This time it is Mr. Joseph Pennell, the artist, who wails and gnashes his pen about the terrible bill-board and advertising pictures that deface the public buildings and thoroughfares of American cities and the public scenery of the American countryside.

If my opinion were asked I should be tempted to quote the gentle answer with which the late William D. Howells was wont to turn away argument, and say to Mr. Pennell, “I think perhaps you are partly right.”

But since I am not on Mr. Pennell’s list of great American artists, a list, by the way that contains only two names, I am free to say what I really think, and that is that if the dear old familiar “Ads” were suddenly to disappear from the streets and cars, I should miss them very much.

Perhaps I have acquired a taste for them as the dweller near a street railroad first endures, then tolerates, and at last becomes so completely habituated to the roaring of wheels and the clang of metal that he is unable to sleep without their soothing lullaby.

Soothing—that’s what they are, these advertising pictures. They soften the underground torment of travel in the Subway, they take the place of the scenery which beguiles the tedium of ordinary travel, and at least they are, as a rule, more interesting to contemplate than the people in the opposite seat. Those people are strangers, the people in the advertisement panels are, many of them, old friends, friends met in other cars in other cities. Mr. Pennell no doubt would like to see them thrown off the train, but I am always glad to meet them again, and to some of them, with whom I have a sort of informal bowing acquaintance, I mentally take off my hat.

One amiable gentleman in particular I always look for and hail with delight when I find myself sitting opposite to him. He is an Italian, I take it, from his appearance, and from Naples, to judge by his accent, which, though I have never heard his voice, is depicted as plainly as the nose on his face.

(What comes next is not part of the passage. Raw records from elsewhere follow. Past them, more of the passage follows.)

(* Let $F$ be a field of characteristic zero and let $n,m$ be natural numbers, and let $r\le n$, $s\le m$ be natural numbers. Then each of the Lie algebras $W(n,m)$, $W(n,m,r,s)$ and $W^*(n,m)$ (defined in the context) is a simple Lie algebra.
   Context: Let $A_{n,m}$ be the commutative $F$-algebra with $F$-basis the symbols $e^{\alpha}x^{\beta}=e^{a_1x_1}\cdots e^{a_nx_n}x_1^{b_1}\cdots x_{n+m}^{b_{n+m}}$, $\alpha=(a_1,\dots,a_n)\in\mathbb Z^n$, $\beta=(b_1,\dots,b_{n+m})\in\mathbb Z^{n+m}$, with multiplication $e^{\alpha}x^{\beta}\cdot e^{\gamma}x^{\delta}=e^{\alpha+\gamma}x^{\beta+\delta}$. For $1\le i\le n+m$ let $\partial_i$ be the derivation of $A_{n,m}$ with $\partial_i(e^{\alpha}x^{\beta})=a_i e^{\alpha}x^{\beta}+b_i e^{\alpha}x^{\beta-\epsilon_i}$, where $a_i:=0$ for $i>n$ and $\epsilon_i$ is the $i$-th unit vector. $W(n,m)$ is the Lie algebra with basis $\{e^{\alpha}x^{\beta}\partial_i:\alpha\in\mathbb Z^n,\beta\in\mathbb Z^{n+m},1\le i\le n+m\}$ and bracket $[f\partial_i,g\partial_j]=f\,\partial_i(g)\,\partial_j-g\,\partial_j(f)\,\partial_i$ for $f,g\in A_{n,m}$. $W^*(n,m)$ is the subalgebra spanned by the basis elements $e^{\alpha}x^{\beta}\partial_i$ with $\beta\in\mathbb N^{n+m}$ ($\mathbb N$ the nonnegative integers). $W(n,m,r,s)$ is the subalgebra spanned by the basis elements $e^{\alpha}x^{\beta}\partial_k$ ($\alpha\in\mathbb Z^n$, $1\le k\le n+m$) such that $b_1,\dots,b_r\in\mathbb Z$, $b_{r+1},\dots,b_n\in\mathbb N$, $b_{n+1},\dots,b_{n+s}\in\mathbb Z$, $b_{n+s+1},\dots,b_{n+m}\in\mathbb N$. *)

theory Defs
  imports Main
begin

text \<open>Monomials e^alpha x^beta are encoded as pairs (alpha, beta) of functions
  nat => int; indices are 0-based: alpha i (i < n) is a_{i+1},
  beta i (i < n+m) is b_{i+1}.  Entries outside these ranges must be 0.\<close>

type_synonym mono = "(nat \<Rightarrow> int) \<times> (nat \<Rightarrow> int)"

text \<open>Elements of A_{n,m}: finitely supported coefficient functions mono => F.
  Elements of W(n,m): D :: nat => mono => F, where D k is the coefficient
  (an element of A_{n,m}) of the derivation partial_{k+1}.\<close>

type_synonym 'F vf = "nat \<Rightarrow> mono \<Rightarrow> 'F"

definition valid_mono :: "nat \<Rightarrow> nat \<Rightarrow> mono \<Rightarrow> bool" where
  "valid_mono n m \<mu> \<longleftrightarrow> (\<forall>i\<ge>n. fst \<mu> i = 0) \<and> (\<forall>i\<ge>n+m. snd \<mu> i = 0)"

text \<open>Multiplication of A_{n,m} (bilinear extension of adding exponents).\<close>
definition amul :: "(mono \<Rightarrow> 'F::field) \<Rightarrow> (mono \<Rightarrow> 'F) \<Rightarrow> mono \<Rightarrow> 'F" where
  "amul f g \<mu> = (\<Sum>\<nu>\<in>{\<nu>. f \<nu> \<noteq> 0}.
      f \<nu> * g (\<lambda>i. fst \<mu> i - fst \<nu> i, \<lambda>i. snd \<mu> i - snd \<nu> i))"

text \<open>The derivation partial_{i+1}: partial(e^a x^b) = a_i e^a x^b + b_i e^a x^(b - eps_i),
  with a_i = 0 for i >= n.\<close>
definition aderiv :: "nat \<Rightarrow> nat \<Rightarrow> (mono \<Rightarrow> 'F::field) \<Rightarrow> mono \<Rightarrow> 'F" where
  "aderiv n i f \<mu> =
     (if i < n then of_int (fst \<mu> i) else 0) * f \<mu>
     + of_int (snd \<mu> i + 1) * f (fst \<mu>, (snd \<mu>)(i := snd \<mu> i + 1))"

definition vf_zero :: "'F::field vf" where
  "vf_zero = (\<lambda>k \<mu>. 0)"

definition vf_add :: "'F::field vf \<Rightarrow> 'F vf \<Rightarrow> 'F vf" where
  "vf_add D E = (\<lambda>k \<mu>. D k \<mu> + E k \<mu>)"

definition vf_smul :: "'F::field \<Rightarrow> 'F vf \<Rightarrow> 'F vf" where
  "vf_smul c D = (\<lambda>k \<mu>. c * D k \<mu>)"

text \<open>Bracket of W(n,m): bilinear extension of
  [f d_i, g d_j] = f d_i(g) d_j - g d_j(f) d_i, i.e.
  [sum_i f_i d_i, sum_j g_j d_j] = sum_k (sum_i f_i d_i(g_k) - g_i d_i(f_k)) d_k.\<close>
definition vf_bracket :: "nat \<Rightarrow> nat \<Rightarrow> 'F::field vf \<Rightarrow> 'F vf \<Rightarrow> 'F vf" where
  "vf_bracket n m D E = (\<lambda>k \<mu>. if k < n + m then
      (\<Sum>i<n+m. amul (D i) (aderiv n i (E k)) \<mu> - amul (E i) (aderiv n i (D k)) \<mu>)
    else 0)"

definition vf_space :: "nat \<Rightarrow> nat \<Rightarrow> (mono \<Rightarrow> bool) \<Rightarrow> 'F::field vf set" where
  "vf_space n m P = {D. (\<forall>k\<ge>n+m. \<forall>\<mu>. D k \<mu> = 0) \<and>
      (\<forall>k<n+m. finite {\<mu>. D k \<mu> \<noteq> 0} \<and> (\<forall>\<mu>. D k \<mu> \<noteq> 0 \<longrightarrow> P \<mu>))}"

definition W :: "nat \<Rightarrow> nat \<Rightarrow> 'F::field vf set" where
  "W n m = vf_space n m (valid_mono n m)"

definition Wstar :: "nat \<Rightarrow> nat \<Rightarrow> 'F::field vf set" where
  "Wstar n m = vf_space n m (\<lambda>\<mu>. valid_mono n m \<mu> \<and> (\<forall>i. snd \<mu> i \<ge> 0))"

text \<open>W(n,m,r,s): b_1..b_r, b_{n+1}..b_{n+s} arbitrary; b_{r+1}..b_n and
  b_{n+s+1}..b_{n+m} nonnegative (0-based: indices r..n-1 and n+s..n+m-1).\<close>
definition Wrs :: "nat \<Rightarrow> nat \<Rightarrow> nat \<Rightarrow> nat \<Rightarrow> 'F::field vf set" where
  "Wrs n m r s = vf_space n m (\<lambda>\<mu>. valid_mono n m \<mu> \<and>
      (\<forall>i. r \<le> i \<and> i < n \<longrightarrow> snd \<mu> i \<ge> 0) \<and>
      (\<forall>i. n + s \<le> i \<and> i < n + m \<longrightarrow> snd \<mu> i \<ge> 0))"

definition lie_algebra :: "'F::field vf set \<Rightarrow> ('F vf \<Rightarrow> 'F vf \<Rightarrow> 'F vf) \<Rightarrow> bool" where
  "lie_algebra L B \<longleftrightarrow>
     vf_zero \<in> L \<and>
     (\<forall>x\<in>L. \<forall>y\<in>L. vf_add x y \<in> L) \<and>
     (\<forall>c. \<forall>x\<in>L. vf_smul c x \<in> L) \<and>
     (\<forall>x\<in>L. \<forall>y\<in>L. B x y \<in> L) \<and>
     (\<forall>x\<in>L. \<forall>y\<in>L. \<forall>z\<in>L. B (vf_add x y) z = vf_add (B x z) (B y z)
                        \<and> B z (vf_add x y) = vf_add (B z x) (B z y)) \<and>
     (\<forall>c. \<forall>x\<in>L. \<forall>y\<in>L. B (vf_smul c x) y = vf_smul c (B x y)
                      \<and> B x (vf_smul c y) = vf_smul c (B x y)) \<and>
     (\<forall>x\<in>L. B x x = vf_zero) \<and>
     (\<forall>x\<in>L. \<forall>y\<in>L. \<forall>z\<in>L.
        vf_add (B x (B y z)) (vf_add (B y (B z x)) (B z (B x y))) = vf_zero)"
(* Let $x\in\beta\mathbb{N}$ and $n\in\mathbb{N}$. Then there exists $\alpha\in\mathcal{A}$ with $\sigma(\alpha)=n$ and $F_\alpha\subseteq x$ if and only if $x\in\overline{L_n}$.
   Context: $\mathbb{N}=\{1,2,3,\dots\}$; $\beta\mathbb{N}$ is the Stone–Čech compactification of discrete $\mathbb{N}$, identified with the set of ultrafilters on $\mathbb{N}$ (natural numbers identified with principal ultrafilters). For $A\subseteq\mathbb{N}$, $\overline{A}=\{x\in\beta\mathbb{N}: A\in x\}$. $P$ is the set of prime numbers, $L_0=\{1\}$ and for $n\ge1$, $L_n=\{a_1a_2\cdots a_n: a_1,\dots,a_n\in P\}$ (products of exactly $n$ primes, counted with multiplicity). For $p\in\overline{P}$ and $k\in\mathbb{N}$, $p^k$ denotes the ultrafilter generated by the sets $A^k=\{a^k:a\in A\}$, $A\in p$; such ultrafilters are called basic, and $\mathcal{B}$ is the set of basic ultrafilters. $\mathcal{A}$ is the set of functions $\alpha:\mathcal{B}\to\mathbb{N}\cup\{0\}$ with finite support, written $\alpha=\{(p_1^{k_1},n_1),\dots,(p_m^{k_m},n_m)\}$ with $p_i\in\overline{P}$, the $p_i^{k_i}$ distinct and $n_i\ge1$ (and $\alpha(b)=0$ elsewhere). For such $\alpha$, $\sigma(\alpha)=\sum_{i=1}^m k_in_i$, and $F_\alpha$ is the family of all sets $(A_1^{k_1})^{(n_1)}(A_2^{k_2})^{(n_2)}\cdots(A_m^{k_m})^{(n_m)}=\{\prod_{i=1}^m\prod_{j=1}^{n_i}a_{i,j}^{k_i}: a_{i,j}\in A_i \text{ for all } i,j,\ \text{the } a_{i,j} \text{ pairwise distinct}\}$, where $A_i\in p_i$, $A_i\subseteq P$, $A_i=A_j$ if $p_i=p_j$, and $A_i\cap A_j=\emptyset$ otherwise. *)

theory Defs
  imports "HOL-Computational_Algebra.Primes"
begin

definition Npos :: "nat set" where
  "Npos = {n. n \<ge> 1}"

text \<open>Ultrafilters on \<open>\<nat>\<close> (points of \<open>\<beta>\<nat>\<close>), as families of subsets of \<open>Npos\<close>.\<close>
definition is_ultrafilter :: "nat set set \<Rightarrow> bool" where
  "is_ultrafilter U \<longleftrightarrow>
     U \<subseteq> Pow Npos \<and> Npos \<in> U \<and> {} \<notin> U \<and>
     (\<forall>A B. A \<in> U \<and> B \<in> U \<longrightarrow> A \<inter> B \<in> U) \<and>
     (\<forall>A B. A \<in> U \<and> A \<subseteq> B \<and> B \<subseteq> Npos \<longrightarrow> B \<in> U) \<and>
     (\<forall>A. A \<subseteq> Npos \<longrightarrow> A \<in> U \<or> Npos - A \<in> U)"

definition bar :: "nat set \<Rightarrow> nat set set set" where
  "bar A = {x. is_ultrafilter x \<and> A \<in> x}"

definition Primes :: "nat set" where
  "Primes = {p. prime p}"

definition L :: "nat \<Rightarrow> nat set" where
  "L n = {prod_list xs | xs. length xs = n \<and> set xs \<subseteq> Primes}"

definition upow :: "nat set set \<Rightarrow> nat \<Rightarrow> nat set set" where
  "upow p k = {B. B \<subseteq> Npos \<and> (\<exists>A\<in>p. (\<lambda>a. a ^ k) ` A \<subseteq> B)}"

text \<open>An element \<open>\<alpha> = {(p_1^{k_1},n_1),...,(p_m^{k_m},n_m)}\<close> of \<open>\<A>\<close>, represented as the
  list of triples \<open>(p_i, k_i, n_i)\<close> with \<open>p_i \<in> \<overline>P\<close>, \<open>k_i, n_i \<ge> 1\<close> and the
  basic ultrafilters \<open>p_i^{k_i}\<close> pairwise distinct.\<close>
type_synonym alpha = "(nat set set \<times> nat \<times> nat) list"

definition valid_alpha :: "alpha \<Rightarrow> bool" where
  "valid_alpha al \<longleftrightarrow>
     (\<forall>(p, k, n) \<in> set al. p \<in> bar Primes \<and> k \<ge> 1 \<and> n \<ge> 1) \<and>
     distinct (map (\<lambda>(p, k, n). upow p k) al)"

definition sigma :: "alpha \<Rightarrow> nat" where
  "sigma al = (\<Sum>i<length al. fst (snd (al ! i)) * snd (snd (al ! i)))"

definition F_alpha :: "alpha \<Rightarrow> nat set set" where
  "F_alpha al =
     {S. \<exists>A :: nat \<Rightarrow> nat set.
        (\<forall>i<length al. A i \<in> fst (al ! i) \<and> A i \<subseteq> Primes) \<and>
        (\<forall>i<length al. \<forall>j<length al.
            (fst (al ! i) = fst (al ! j) \<longrightarrow> A i = A j) \<and>
            (fst (al ! i) \<noteq> fst (al ! j) \<longrightarrow> A i \<inter> A j = {})) \<and>
        S = {(\<Prod>i<length al. \<Prod>j<snd (snd (al ! i)). a i j ^ fst (snd (al ! i))) | a.
               (\<forall>i<length al. \<forall>j<snd (snd (al ! i)). a i j \<in> A i) \<and>
               inj_on (\<lambda>(i, j). a i j) {(i, j). i < length al \<and> j < snd (snd (al ! i))}}}"

end

(*
  Let Omega(a) count the prime factors of a with multiplicity, so that L_n = {a. Omega(a) = n}.

  If F_alpha is contained in x, choose pairwise disjoint sets of primes A_i in p_i (distinct
  ultrafilters are separated by disjoint sets); the resulting member of F_alpha lies in x and
  consists of numbers a with Omega(a) = sigma(alpha), so L_n is in x.

  Conversely, let L_n be in x. Sorting the prime factors of a in increasing order gives its
  exponent list, which takes only finitely many values on L_n, so one class T of numbers with
  the same exponent list (s_1, ..., s_m) belongs to x. Let c_j(a) be the j-th prime factor of
  a in T and p_j the image of x under c_j, an ultrafilter on the primes. Collecting the pairs
  (p_j, s_j) with multiplicities gives alpha with sigma(alpha) = s_1 + ... + s_m = n, and every
  member of F_alpha contains the set of those a in T whose prime factors c_j(a) lie in given
  sets B_j in p_j, a finite intersection of members of x.
*)

theory Submission
  imports Defs "HOL-Library.Disjoint_Sets"
begin

section \<open>Counting prime factors\<close>

definition bigomega :: "nat \<Rightarrow> nat" where
  "bigomega a = size (prime_factorization a)"

lemma bigomega_prime_power: "prime p \<Longrightarrow> bigomega (p ^ k) = k"
  by (simp add: bigomega_def prime_factorization_prime_power)

lemma bigomega_prod:
  assumes "finite I" "\<And>i. i \<in> I \<Longrightarrow> f i \<noteq> (0::nat)"
  shows "bigomega (\<Prod>i\<in>I. f i) = (\<Sum>i\<in>I. bigomega (f i))"
  using assms by (simp add: bigomega_def prime_factorization_prod)

lemma L_eq_bigomega: "L n = {a. a \<noteq> 0 \<and> bigomega a = n}"
proof (intro set_eqI iffI)
  fix a assume "a \<in> L n"
  then obtain xs where xs: "a = prod_list xs" "length xs = n" "set xs \<subseteq> Primes"
    by (auto simp: L_def)
  have "prime_factorization (prod_mset (mset xs)) = mset xs"
    by (rule prime_factorization_prod_mset_primes) (use xs in \<open>auto simp: Primes_def\<close>)
  then have "prime_factorization a = mset xs"
    using xs(1) by (simp add: prod_mset_prod_list)
  moreover have "a \<noteq> 0"
    using xs by (auto simp: prod_list_zero_iff Primes_def)
  ultimately show "a \<in> {a. a \<noteq> 0 \<and> bigomega a = n}"
    using xs by (simp add: bigomega_def)
next
  fix a assume "a \<in> {a. a \<noteq> 0 \<and> bigomega a = n}"
  then have a: "a \<noteq> 0" "bigomega a = n" by auto
  obtain xs where xs: "mset xs = prime_factorization a"
    using ex_mset by blast
  have "prod_list xs = a"
    using xs a by (simp add: prod_mset_prod_list [symmetric])
  moreover have "set xs \<subseteq> Primes"
    using xs by (auto simp: Primes_def simp flip: set_mset_mset)
  moreover have "length xs = n"
    using xs a by (simp add: bigomega_def flip: size_mset)
  ultimately show "a \<in> L n" by (auto simp: L_def)
qed

lemma L_subset_Npos: "L n \<subseteq> Npos"
  by (auto simp: L_eq_bigomega Npos_def)

lemma Primes_subset_Npos: "Primes \<subseteq> Npos"
  by (auto simp: Primes_def Npos_def Suc_le_eq prime_gt_0_nat)

definition prime_factor_list :: "nat \<Rightarrow> nat list" where
  "prime_factor_list a = sorted_list_of_set (prime_factors a)"

definition exponent_list :: "nat \<Rightarrow> nat list" where
  "exponent_list a = map (\<lambda>q. multiplicity q a) (prime_factor_list a)"

lemma distinct_prime_factor_list: "distinct (prime_factor_list a)"
  by (simp add: prime_factor_list_def)

lemma set_prime_factor_list: "set (prime_factor_list a) = prime_factors a"
  by (simp add: prime_factor_list_def)

lemma length_exponent_list: "length (exponent_list a) = length (prime_factor_list a)"
  by (simp add: exponent_list_def)

lemma prime_factor_list_prime: "j < length (prime_factor_list a) \<Longrightarrow> prime (prime_factor_list a ! j)"
  using nth_mem set_prime_factor_list by (metis in_prime_factors_imp_prime)

lemma exponent_list_pos: "e \<in> set (exponent_list a) \<Longrightarrow> e \<ge> 1"
  by (auto simp: exponent_list_def set_prime_factor_list prime_factors_multiplicity Suc_le_eq)

lemma prod_prime_factor_list:
  assumes "a \<noteq> 0"
  shows "(\<Prod>j<length (prime_factor_list a). prime_factor_list a ! j ^ (exponent_list a ! j)) = a"
proof -
  have "(\<Prod>j<length (prime_factor_list a). prime_factor_list a ! j ^ (exponent_list a ! j))
      = (\<Prod>j<length (prime_factor_list a). (\<lambda>q. q ^ multiplicity q a) (prime_factor_list a ! j))"
    by (simp add: exponent_list_def)
  also have "\<dots> = (\<Prod>q\<in>prime_factors a. q ^ multiplicity q a)"
    using prod.reindex_bij_betw
        [OF bij_betw_nth [OF distinct_prime_factor_list refl set_prime_factor_list [symmetric]]]
    by simp
  also have "\<dots> = a"
    using prod_prime_factors [OF assms] by simp
  finally show ?thesis .
qed

lemma sum_list_exponent_list:
  assumes "a \<noteq> 0"
  shows "sum_list (exponent_list a) = bigomega a"
proof -
  have "sum_list (exponent_list a) = (\<Sum>q\<in>prime_factors a. multiplicity q a)"
    by (simp add: exponent_list_def sum_list_distinct_conv_sum_set distinct_prime_factor_list
        set_prime_factor_list)
  also have "\<dots> = (\<Sum>q\<in>prime_factors a. bigomega (q ^ multiplicity q a))"
    by (intro sum.cong refl) (simp add: bigomega_prime_power in_prime_factors_imp_prime)
  also have "\<dots> = bigomega (\<Prod>q\<in>prime_factors a. q ^ multiplicity q a)"
    by (rule bigomega_prod [symmetric]) (auto simp: in_prime_factors_iff)
  also have "\<dots> = bigomega a"
    using prod_prime_factors [OF assms] by simp
  finally show ?thesis .
qed

lemma finite_exponent_lists: "finite (exponent_list ` L n)"
proof (rule finite_subset)
  show "exponent_list ` L n \<subseteq> {es. set es \<subseteq> {..n} \<and> length es \<le> n}"
  proof clarify
    fix a assume "a \<in> L n"
    then have sum: "sum_list (exponent_list a) = n"
      by (simp add: L_eq_bigomega sum_list_exponent_list)
    have "length (exponent_list a) \<le> sum_list (exponent_list a)"
      using exponent_list_pos sum_list_mono [of "exponent_list a" "\<lambda>_. 1" id] by (simp add: sum_list_triv)
    moreover have "set (exponent_list a) \<subseteq> {..sum_list (exponent_list a)}"
      by (auto intro: member_le_sum_list)
    ultimately show "set (exponent_list a) \<subseteq> {..n} \<and> length (exponent_list a) \<le> n"
      using sum by simp
  qed
  show "finite {es. set es \<subseteq> {..n} \<and> length es \<le> n}"
    by (rule finite_lists_length_le) simp
qed

section \<open>Ultrafilters on the positive integers\<close>

lemma ultrafilter_subset_Npos: "is_ultrafilter U \<Longrightarrow> B \<in> U \<Longrightarrow> B \<subseteq> Npos"
  by (auto simp: is_ultrafilter_def)

lemma ultrafilter_Npos: "is_ultrafilter U \<Longrightarrow> Npos \<in> U"
  by (simp add: is_ultrafilter_def)

lemma ultrafilter_nonempty: "is_ultrafilter U \<Longrightarrow> A \<in> U \<Longrightarrow> A \<noteq> {}"
  by (auto simp: is_ultrafilter_def)

lemma ultrafilter_Int: "is_ultrafilter U \<Longrightarrow> A \<in> U \<Longrightarrow> B \<in> U \<Longrightarrow> A \<inter> B \<in> U"
  by (simp add: is_ultrafilter_def)

lemma ultrafilter_mono: "is_ultrafilter U \<Longrightarrow> A \<in> U \<Longrightarrow> A \<subseteq> B \<Longrightarrow> B \<subseteq> Npos \<Longrightarrow> B \<in> U"
  unfolding is_ultrafilter_def by blast

lemma ultrafilter_compl: "is_ultrafilter U \<Longrightarrow> A \<subseteq> Npos \<Longrightarrow> A \<notin> U \<Longrightarrow> Npos - A \<in> U"
  unfolding is_ultrafilter_def by blast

Neither do I know his name, but I call him Signor Pizzicato, for it is quite evident that nature intended him for an Operatic career. How he ever came to be a barber, I cannot imagine. Perhaps he sang in the Barber of Seville and lost his voice and became a realist, as some painters lose their sense of form and become cubists or futurists. Whatever he should have been or might have been or was, a barber is what he is now, and I gaze upon him in fascination as with a priceless gesture of thumb and forefinger (as if he should pluck an individual mote from a sunbeam) he extols to his customer and to you, the bouquet so ravishing of the hair tonic he holds in his other hand, on the sale of which he presumably receives a large commission.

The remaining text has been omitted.